-- Data extract follows --
theorem theorem1:
  fixes N :: nat and lam mu B1 B2 :: real
  assumes "N \<ge> 1" and "lam > 0" and "mu > 0" and "B1 > 0" and "B2 > 0"
    and "B1 < B2" and "lam * mu < B1 + real N * B2"
  defines "\<beta> \<equiv> B1 / (real N * B2)"
  defines "Dmin \<equiv> (if B2 * real N / (lam * mu) * (1 - sqrt (\<beta> * real N)) \<ge> 1
                    then mu * real N / (B2 * real N - lam * mu)
                    else (lam * mu * (1 + real N) - B2 * real N * (1 - sqrt (\<beta> * real N))\<^sup>2)
                         / (lam * (B2 * real N * (\<beta> + 1) - lam * mu)))"
  defines "a_opt \<equiv> (if B2 * real N / (lam * mu) * (1 - sqrt (\<beta> * real N)) \<ge> 1
                    then 0
                    else (lam * mu * sqrt \<beta> / (B2 * real N) + sqrt \<beta> * (sqrt (\<beta> * real N) - 1))
                         / (lam * mu * (sqrt \<beta> + sqrt (real N)) / (B2 * real N)))"
  shows "(\<forall>a \<in> feasible lam mu B1 B2 N. Dmin \<le> avg_delay lam mu B1 B2 N a)
         \<and> a_opt \<in> feasible lam mu B1 B2 N \<and> avg_delay lam mu B1 B2 N a_opt = Dmin"
proof -
  define x y where "x = B1 / mu" and "y = B2 / mu"
  have x0: "0 < x" and xy: "x < y" and stable: "lam < x + N * y"
    using assms(3-7) unfolding x_def y_def by (simp_all add: field_simps divide_strict_right_mono)
  have scaled: "feasible lam mu B1 B2 N = feasible lam 1 x y N"
    "avg_delay lam mu B1 B2 N = avg_delay lam 1 x y N"
    unfolding x_def y_def by (rule feasible_scale, rule ext, rule avg_delay_scale)
  have threshold: "B2 * N / (lam * mu) * (1 - sqrt (\<beta> * N)) \<ge> 1
                   \<longleftrightarrow> lam \<le> N * (y - sqrt x * sqrt y)"
    using threshold_closed_form[OF assms(1-5)] assms(2) unfolding \<beta>_def x_def y_def
    by (simp add: le_divide_eq)
  show ?thesis
  proof (cases "lam \<le> N * (y - sqrt x * sqrt y)")
    case True
    have "Dmin = N / (N * y - lam)" and "a_opt = 0"
      unfolding Dmin_def a_opt_def using True threshold assms(3) unfolding y_def
      by (auto simp: field_simps)
    then show ?thesis
      using avg_delay_min_at_zero[OF assms(1,2) x0 _ True] x0 xy unfolding scaled by auto
  next
    case False
    define k where "k = (x + N * y - lam) / (sqrt x + N * sqrt y)"
    have "Dmin = ((sqrt x + N * sqrt y) / k - 1 - N) / lam"
      and "a_opt = (x - sqrt x * k) / lam"
      unfolding Dmin_def a_opt_def using False threshold
        interior_min_delay_closed_form[OF assms(1-5,7)] interior_minimizer_closed_form[OF assms(1-5)]
      unfolding \<beta>_def k_def x_def y_def by simp_all
    then show ?thesis
      using avg_delay_min_interior[OF assms(1,2) x0 xy _ stable] False unfolding scaled k_def by auto
  qed
qed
-- Data extract concluded --
The answer is the run of lines above from the line containing "N * (\<beta>" through the line containing "assms(1-5,7)] interior_minimizer_closed_form[OF assms(1-5)]", copied exactly and alone.

=== Reply ===
                         / (lam * (B2 * real N * (\<beta> + 1) - lam * mu)))"
  defines "a_opt \<equiv> (if B2 * real N / (lam * mu) * (1 - sqrt (\<beta> * real N)) \<ge> 1
                    then 0
                    else (lam * mu * sqrt \<beta> / (B2 * real N) + sqrt \<beta> * (sqrt (\<beta> * real N) - 1))
                         / (lam * mu * (sqrt \<beta> + sqrt (real N)) / (B2 * real N)))"
  shows "(\<forall>a \<in> feasible lam mu B1 B2 N. Dmin \<le> avg_delay lam mu B1 B2 N a)
         \<and> a_opt \<in> feasible lam mu B1 B2 N \<and> avg_delay lam mu B1 B2 N a_opt = Dmin"
proof -
  define x y where "x = B1 / mu" and "y = B2 / mu"
  have x0: "0 < x" and xy: "x < y" and stable: "lam < x + N * y"
    using assms(3-7) unfolding x_def y_def by (simp_all add: field_simps divide_strict_right_mono)
  have scaled: "feasible lam mu B1 B2 N = feasible lam 1 x y N"
    "avg_delay lam mu B1 B2 N = avg_delay lam 1 x y N"
    unfolding x_def y_def by (rule feasible_scale, rule ext, rule avg_delay_scale)
  have threshold: "B2 * N / (lam * mu) * (1 - sqrt (\<beta> * N)) \<ge> 1
                   \<longleftrightarrow> lam \<le> N * (y - sqrt x * sqrt y)"
    using threshold_closed_form[OF assms(1-5)] assms(2) unfolding \<beta>_def x_def y_def
    by (simp add: le_divide_eq)
  show ?thesis
  proof (cases "lam \<le> N * (y - sqrt x * sqrt y)")
    case True
    have "Dmin = N / (N * y - lam)" and "a_opt = 0"
      unfolding Dmin_def a_opt_def using True threshold assms(3) unfolding y_def
      by (auto simp: field_simps)
    then show ?thesis
      using avg_delay_min_at_zero[OF assms(1,2) x0 _ True] x0 xy unfolding scaled by auto
  next
    case False
    define k where "k = (x + N * y - lam) / (sqrt x + N * sqrt y)"
    have "Dmin = ((sqrt x + N * sqrt y) / k - 1 - N) / lam"
      and "a_opt = (x - sqrt x * k) / lam"
      unfolding Dmin_def a_opt_def using False threshold
        interior_min_delay_closed_form[OF assms(1-5,7)] interior_minimizer_closed_form[OF assms(1-5)]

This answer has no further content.